Review the material line by line. Identify and copy every line that contains the string "sequences".

(Beginning of Extracted entries)

lemma sum_facets_insert_eq:
  assumes "finite H" "v \<notin> H"
    and cob: "\<And>w. w \<in> insert v H \<Longrightarrow> b (insert v H - {w}) =
      (\<Sum>u\<in>insert v H - {w}. position_sign (insert v H - {w}) u * f (insert v H - {w} - {u}))"
  shows "(\<Sum>u\<in>H. position_sign H u * position_sign (H - {u}) v * b (insert v (H - {u}))) = b H"
proof -
  define K where "K = insert v H"
  have K_Diff_v: "K - {v} = H"
    using assms(2) by (auto simp: K_def)
  have K_Diff: "K - {u} = insert v (H - {u})" if "u \<in> H" for u
    using assms(2) that by (auto simp: K_def)
  have "(\<Sum>w\<in>K. position_sign K w * b (K - {w})) = 0"
    using alternating_sum_coboundary_eq_0[of K b f] assms(1) cob by (simp add: K_def)
  then have alt: "(\<Sum>u\<in>H. position_sign K u * b (K - {u})) = - position_sign K v * b H"
    using assms(1,2) K_Diff_v by (simp add: K_def)
  have swap: "position_sign H u * position_sign (H - {u}) v = - position_sign K v * position_sign K u"
    if "u \<in> H" for u
  proof -
    have "position_sign K u * position_sign (H - {u}) v = - (position_sign K v * position_sign H u)"
      using position_sign_swap[of u K v] that assms(2) K_Diff[OF that] K_Diff_v by (auto simp: K_def)
    then show ?thesis
      using position_sign_square[of K u] position_sign_square[of H u] by algebra
  qed
  have "(\<Sum>u\<in>H. position_sign H u * position_sign (H - {u}) v * b (insert v (H - {u})))
      = - position_sign K v * (\<Sum>u\<in>H. position_sign K u * b (K - {u}))"
    by (simp add: sum_distrib_left swap K_Diff mult.assoc)
  also have "\<dots> = b H"
    unfolding alt using position_sign_square[of K v] by (simp add: algebra_simps)
  finally show ?thesis .
qed

lemma sum_facets_hb_eq:
  assumes "H \<subseteq> {0..<n}"
    and cob: "\<And>G. G \<subseteq> {0..<n} \<Longrightarrow> card G = card H \<Longrightarrow>
      b G = (\<Sum>u\<in>G. position_sign G u * f (G - {u}))"
  shows "(\<Sum>u\<in>H. position_sign H u * hb n b (H - {u})) = real n * b H"
proof -
  have fin: "finite H"
    using assms(1) finite_subset by blast
  have cob_insert: "b (insert v H - {w}) = (\<Sum>u\<in>insert v H - {w}.
      position_sign (insert v H - {w}) u * f (insert v H - {w} - {u}))"
    if "v \<in> {0..<n} - H" "w \<in> insert v H" for v w
    using that assms(1) fin by (intro cob) auto
  have "(\<Sum>u\<in>H. position_sign H u * hb n b (H - {u})) = real (card H) * b H +
      (\<Sum>v\<in>{0..<n} - H. \<Sum>u\<in>H. position_sign H u * position_sign (H - {u}) v * b (insert v (H - {u})))"
    using assms(1) by (simp add: position_sign_mult_hb_Diff sum.distrib sum.swap[of _ H])
  also have "\<dots> = real (card H) * b H + real (card ({0..<n} - H)) * b H"
    using sum_facets_insert_eq[OF fin _ cob_insert] by simp
  also have "\<dots> = real n * b H"
    using assms(1) fin card_mono[OF _ assms(1)]
    by (simp add: card_Diff_subset of_nat_diff algebra_simps)
  finally show ?thesis .
qed

lemma sum_hb_square_le:
  assumes "1 \<le> k" "k \<le> n"
  shows "(\<Sum>F\<in>{S. S \<subseteq> {0..<n} \<and> card S = k - 1}. (hb n b F)\<^sup>2)
    \<le> real k * real (n - k + 1) * (\<Sum>H\<in>{S. S \<subseteq> {0..<n} \<and> card S = k}. (b H)\<^sup>2)"
proof -
  have "(hb n b F)\<^sup>2 \<le> real (n - k + 1) * (\<Sum>v\<in>{0..<n} - F. (b (insert v F))\<^sup>2)"
    if "F \<subseteq> {0..<n}" "card F = k - 1" for F
  proof -
    have "card ({0..<n} - F) = n - k + 1"
      using that assms finite_subset[OF that(1)] by (simp add: card_Diff_subset)
    then show ?thesis
      using sum_squared_le_sum_of_squares[of "\<lambda>v. position_sign F v * b (insert v F)" "{0..<n} - F"]
      by (simp add: hb_eq mult.commute)
  qed
  then have "(\<Sum>F\<in>{S. S \<subseteq> {0..<n} \<and> card S = k - 1}. (hb n b F)\<^sup>2) \<le>
      (\<Sum>F\<in>{S. S \<subseteq> {0..<n} \<and> card S = k - 1}. real (n - k + 1) * (\<Sum>v\<in>{0..<n} - F. (b (insert v F))\<^sup>2))"
    by (intro sum_mono) simp
  also have "\<dots> = real k * real (n - k + 1) * (\<Sum>H\<in>{S. S \<subseteq> {0..<n} \<and> card S = k}. (b H)\<^sup>2)"
    using sum_subsets_insert[OF assms(1), of "{0..<n}" "\<lambda>H. (b H)\<^sup>2"] by (simp flip: sum_distrib_left)
  finally show ?thesis .
qed
theorem lemma3:
  fixes M :: "'w measure"
    and X :: "nat \<Rightarrow> 'w \<Rightarrow> real^2"
    and g :: "nat \<Rightarrow> 'w \<Rightarrow> real"
    and k N Mant :: nat
    and x0 s lam1 P1 Pk Bk eta ank alpha1 alphak :: real
  assumes "prob_space M"
    and "k \<ge> 2" and "x0 > 0" and "s > 0"
    and "N \<ge> 2" and "Mant > N"
    and "lam1 > 0" and "P1 > 0" and "Pk > 0" and "Bk > 0" and "eta > 0" and "ank > 0"
    and "alpha1 > 2" and "alphak > 2"
    and PPP: "homogeneous_PPP M lam1 X"
    and g_meas: "\<forall>n. g n \<in> borel_measurable M"
    and g_gamma: "\<forall>n. distributed M lborel (g n) (erlang_density (N - 1) 1)"
    and g_iid: "prob_space.indep_vars M (\<lambda>_. borel) g UNIV"
    and g_indep_X: "distr M (Pi\<^sub>M UNIV (\<lambda>_. borel) \<Otimes>\<^sub>M Pi\<^sub>M UNIV (\<lambda>_. borel))
                        (\<lambda>w. ((\<lambda>n. X n w), (\<lambda>n. g n w)))
                    = distr M (Pi\<^sub>M UNIV (\<lambda>_. borel)) (\<lambda>w n. X n w)
                      \<Otimes>\<^sub>M distr M (Pi\<^sub>M UNIV (\<lambda>_. borel)) (\<lambda>w n. g n w)"
  shows
    "let delta1 = 2 / alpha1;
         GM = real Mant - real N + 1;
         P1k = P1 / Pk;
         omega = (P1k * GM / (ank * Bk * real N)) powr (delta1 / 2) * x0 powr (alphak / alpha1);
         I = (\<lambda>w. \<Sum>n. (if norm (X n w) > omega
                         then P1 / real N * g n w * eta * norm (X n w) powr (- alpha1) else 0));
         c = s * P1 / real N * eta
     in complex_of_real (prob_space.expectation M (\<lambda>w. exp (- s * I w)))
        = exp (- complex_of_real (lam1 * pi * delta1) *
            (\<Sum>p=1..N. of_nat (N choose p) * complex_of_real (c ^ p)
               * (complex_of_real (- c)) powr (complex_of_real (delta1 - real p))
               * inc_beta (complex_of_real (- c * omega powr (- alpha1)))
                          (complex_of_real (real p - delta1)) (complex_of_real (1 - real N))))"
proof -
  interpret erlang_marked_ppp M lam1 X g "N - 1"
    using assms(7)
    by (intro erlang_marked_ppp.intro erlang_marked_ppp_axioms.intro assms(1) PPP g_meas g_gamma g_iid
        g_indep_X) simp
  define omega where "omega = (P1 / Pk * (real Mant - real N + 1) / (ank * Bk * real N)) powr (2 / alpha1 / 2)
    * x0 powr (alphak / alpha1)"
  define a where "a = P1 / real N * eta"
  define c where "c = s * P1 / real N * eta"
  have N: "Suc (N - 1) = N" "real N > 0" using assms(5) by auto
  have omega: "omega > 0" unfolding omega_def using assms N by simp
  have a: "a > 0" and c: "c = s * a" "c > 0" using assms N by (simp_all add: a_def c_def)
  have shot: "(if norm (X n w) > omega then P1 / real N * g n w * eta * norm (X n w) powr (- alpha1) else 0)
      = shot omega a alpha1 n w" for n w
    by (simp add: shot_def a_def mult_ac)
  have "expectation (\<lambda>w. exp (- s * (\<Sum>n. shot omega a alpha1 n w)))
      = exp (- lam1 * laplace_exponent c (2 / alpha1) N (omega^2))"
    using laplace_shot_noise[OF omega a assms(13,4)] N c by simp
  moreover have "complex_of_real (laplace_exponent c (2 / alpha1) N (omega^2))
      = complex_of_real (pi * (2 / alpha1)) *
         (\<Sum>p=1..N. of_nat (N choose p) * complex_of_real (c ^ p)
            * complex_of_real (- c) powr complex_of_real (2 / alpha1 - real p)
            * inc_beta (complex_of_real (- c * omega powr (- alpha1)))
                (complex_of_real (real p - 2 / alpha1)) (complex_of_real (1 - real N)))"
    by (rule laplace_exponent_eq_inc_beta_sum[OF c(2) omega assms(13)])
  ultimately show ?thesis
    unfolding Let_def omega_def[symmetric] c_def[symmetric] shot
    by (simp add: exp_of_real[symmetric] mult.assoc)
qed

end
(* Let $\beta\in(\frac{1+\sqrt5}{2},2)$. If the quasi-greedy orbit of $1$ hits $\beta^{-1}(\beta-1)^{-1}$ for the first time (there is a minimal $k\ge1$ with $Q^k(1)=\beta^{-1}(\beta-1)^{-1}$ and $Q^i(1)\notin[\beta^{-1},\beta^{-1}(\beta-1)^{-1}]$ for $1\le i<k$), then $\widetilde U_\beta$ is a subshift of finite type.
   Context: $\widetilde U_\beta\subseteq\{0,1\}^{\mathbb{N}}$ is the set of sequences $(a_n)$ that are the unique $\beta$-expansion (sequence with $x=\sum a_n\beta^{-n}$) of the number they represent. The quasi-greedy expansion $(\eta_i)$ of $1$ equals the greedy $\beta$-expansion of $1$ (generated by $G(x)=\beta x\bmod1$ on $[0,1)$, $G(x)=\beta x-1$ on $[1,(\beta-1)^{-1}]$) if that is infinite; if the greedy expansion is $a_1\cdots a_n0^\infty$ with $a_n=1$, then $(\eta_i)=(a_1\cdots a_{n-1}(a_n-1))^\infty$. The quasi-greedy orbit of $1$ is $Q^i(1)=\sum_{j\ge1}\eta_{i+j}\beta^{-j}$, $i\ge1$. A subshift of finite type is a set of all sequences avoiding some finite set of forbidden words. *)

theory Defs
  imports Complex_Main
begin

text \<open>Digit sequences are functions nat \<Rightarrow> nat, 0-indexed: position n holds the
 digit a_(n+1) of the paper.\<close>

definition binseq :: "(nat \<Rightarrow> nat) \<Rightarrow> bool" where
  "binseq a \<longleftrightarrow> (\<forall>n. a n \<in> {0, 1})"

definition is_expansion :: "real \<Rightarrow> (nat \<Rightarrow> nat) \<Rightarrow> real \<Rightarrow> bool" where
  "is_expansion \<beta> a x \<longleftrightarrow> binseq a \<and> ((\<lambda>n. real (a n) / \<beta> ^ (n + 1)) sums x)"

definition seqval :: "real \<Rightarrow> (nat \<Rightarrow> nat) \<Rightarrow> real" where
  "seqval \<beta> a = (\<Sum>n. real (a n) / \<beta> ^ (n + 1))"

definition Utilde :: "real \<Rightarrow> (nat \<Rightarrow> nat) set" where
  "Utilde \<beta> = {a. binseq a \<and> (\<forall>b. is_expansion \<beta> b (seqval \<beta> a) \<longrightarrow> b = a)}"

definition Gmap :: "real \<Rightarrow> real \<Rightarrow> real" where
  "Gmap \<beta> x = (if x < 1 then frac (\<beta> * x) else \<beta> * x - 1)"

definition gdigit :: "real \<Rightarrow> real \<Rightarrow> nat" where
  "gdigit \<beta> x = (if x < 1 then nat \<lfloor>\<beta> * x\<rfloor> else 1)"

definition greedy1 :: "real \<Rightarrow> nat \<Rightarrow> nat" where
  "greedy1 \<beta> n = gdigit \<beta> ((Gmap \<beta> ^^ n) 1)"

definition quasi_greedy1 :: "real \<Rightarrow> nat \<Rightarrow> nat" where
  "quasi_greedy1 \<beta> =
     (if \<exists>n. \<forall>m\<ge>n. greedy1 \<beta> m = 0
      then (let N = (LEAST n. \<forall>m\<ge>n. greedy1 \<beta> m = 0)
            in (\<lambda>i. if i mod N = N - 1 then 0 else greedy1 \<beta> (i mod N)))
      else greedy1 \<beta>)"

text \<open>Q^i(1) = sum_{j>=1} eta_{i+j} beta^{-j}.\<close>
definition Qorb :: "real \<Rightarrow> nat \<Rightarrow> real" where
  "Qorb \<beta> i = (\<Sum>j. real (quasi_greedy1 \<beta> (i + j)) / \<beta> ^ (j + 1))"
(* Let $G=(V,E)$ be a finite, simple, connected, undirected graph with vertices $v_1,\dots,v_n$, adjacency matrix $\mathbf{A}$, degree vector $\mathbf{d}=\mathbf{A}\mathbf{1}$, degree matrix $\mathbf{D}=\mathrm{diag}(\mathbf{d})$, and lazy random walk matrix $\mathbf{P}=\tfrac12(\mathbf{I}+\mathbf{A}\mathbf{D}^{-1})$. Fix a vertex $v\in V$, a non-negative signal $\mathbf{x}\in\mathbb{R}^n$ (all entries $\ge 0$), a constant $c>1$, a positive integer $N$, and $\epsilon>0$. Then there exists $K\in\mathbb{N}$ such that the following holds. Let $\mathcal{F}=\mathcal{F}_{\mathrm{A}}\sqcup\mathcal{F}_{\mathrm{C}}$ be any finite, non-empty filter bank (non-decoupled architecture) in which every aggregation filter $f\in\mathcal{F}_{\mathrm{A}}$ is of the form $F_k(\mathbf{x})=\mathbf{P}^k\mathbf{x}$ with $k\ge K$, every comparison filter $f\in\mathcal{F}_{\mathrm{C}}$ is of the form $F_{k_1,k_2}(\mathbf{x})=(\mathbf{P}^{k_1}-\mathbf{P}^{k_2})\mathbf{x}$ with $k_1\neq k_2$ and $k_1,k_2\ge K$, and $|\mathcal{F}_{\mathrm{C}}|\le N$; write $\mathbf{h}_f=f(\mathbf{x})\in\mathbb{R}^n$. Let $(\bar{\mathbf{s}}_f[v])_{f\in\mathcal{F}}$ be any non-negative attention weights at $v$ such that the representation is $c$-band-dominant at $v$, i.e. $$\max\{\bar{\mathbf{s}}_f[v]: f\in\mathcal{F}_{\mathrm{C}}\}=c\cdot\max\{\bar{\mathbf{s}}_f[v]: f\in\mathcal{F}_{\mathrm{A}}\}.$$ Then $$\sum_{f\in\mathcal{F}_{\mathrm{C}}}\bar{\mathbf{s}}_f[v]\,\mathbf{h}_f[v]\;\le\;\epsilon\, c\sum_{f\in\mathcal{F}_{\mathrm{A}}}\bar{\mathbf{s}}_f[v]\,\mathbf{h}_f[v].$$
   Context: In the "non-decoupled architecture" the filter responses are taken without any learned transformation (the map applied after filtering is the identity), and a single set of normalized attention weights $\bar{\mathbf{s}}_f[v]$ (e.g. a softmax over the whole filter bank, hence non-negative) is assigned at each vertex to all filters in $\mathcal{F}=\mathcal{F}_{\mathrm{A}}\sqcup\mathcal{F}_{\mathrm{C}}$. Aggregation filters $F_k$ are low-pass filters and comparison filters $F_{k_1,k_2}$ are band-pass (diffusion-wavelet) filters. For $\mathbf{x}\in\mathbb{R}^n$, $\mathbf{h}_f[v]$ denotes the entry of $\mathbf{h}_f$ at vertex $v$. *)

theory Defs
  imports "HOL-Analysis.Analysis"
begin

definition simple_adj :: "real^'n^'n \<Rightarrow> bool" where
  "simple_adj A \<longleftrightarrow> (\<forall>i j. A$i$j = 0 \<or> A$i$j = 1) \<and> (\<forall>i j. A$i$j = A$j$i) \<and> (\<forall>i. A$i$i = 0)"

definition graph_connected :: "real^'n^'n \<Rightarrow> bool" where
  "graph_connected A \<longleftrightarrow> (\<forall>i j. (\<lambda>a b. A$a$b = 1)\<^sup>*\<^sup>* i j)"

definition degree_vec :: "real^'n^'n \<Rightarrow> real^'n" where
  "degree_vec A = A *v 1"

definition degree_mat :: "real^'n^'n \<Rightarrow> real^'n^'n" where
  "degree_mat A = (\<chi> i j. if i = j then degree_vec A $ i else 0)"

definition lazy_walk :: "real^'n^'n \<Rightarrow> real^'n^'n" where
  "lazy_walk A = (1/2) *\<^sub>R (mat 1 + A ** matrix_inv (degree_mat A))"

datatype filt = Agg nat | Comp nat nat

definition is_agg :: "filt \<Rightarrow> bool" where
  "is_agg f \<longleftrightarrow> (\<exists>k. f = Agg k)"

definition is_comp :: "filt \<Rightarrow> bool" where
  "is_comp f \<longleftrightarrow> (\<exists>k1 k2. f = Comp k1 k2)"

definition walk_pow :: "real^'n^'n \<Rightarrow> nat \<Rightarrow> real^'n \<Rightarrow> real^'n" where
  "walk_pow P k x = ((\<lambda>y. P *v y) ^^ k) x"

text \<open>Filter response h_f = f(x) (non-decoupled: no learned map afterwards).\<close>
fun filt_resp :: "real^'n^'n \<Rightarrow> real^'n \<Rightarrow> filt \<Rightarrow> real^'n" where
  "filt_resp P x (Agg k) = walk_pow P k x"
| "filt_resp P x (Comp k1 k2) = walk_pow P k1 x - walk_pow P k2 x"

end

theory Submission
  imports Defs
begin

(End of Extracted entries)

* Answer for this exercise *
   Context: $\widetilde U_\beta\subseteq\{0,1\}^{\mathbb{N}}$ is the set of sequences $(a_n)$ that are the unique $\beta$-expansion (sequence with $x=\sum a_n\beta^{-n}$) of the number they represent. The quasi-greedy expansion $(\eta_i)$ of $1$ equals the greedy $\beta$-expansion of $1$ (generated by $G(x)=\beta x\bmod1$ on $[0,1)$, $G(x)=\beta x-1$ on $[1,(\beta-1)^{-1}]$) if that is infinite; if the greedy expansion is $a_1\cdots a_n0^\infty$ with $a_n=1$, then $(\eta_i)=(a_1\cdots a_{n-1}(a_n-1))^\infty$. The quasi-greedy orbit of $1$ is $Q^i(1)=\sum_{j\ge1}\eta_{i+j}\beta^{-j}$, $i\ge1$. A subshift of finite type is a set of all sequences avoiding some finite set of forbidden words. *)
text \<open>Digit sequences are functions nat \<Rightarrow> nat, 0-indexed: position n holds the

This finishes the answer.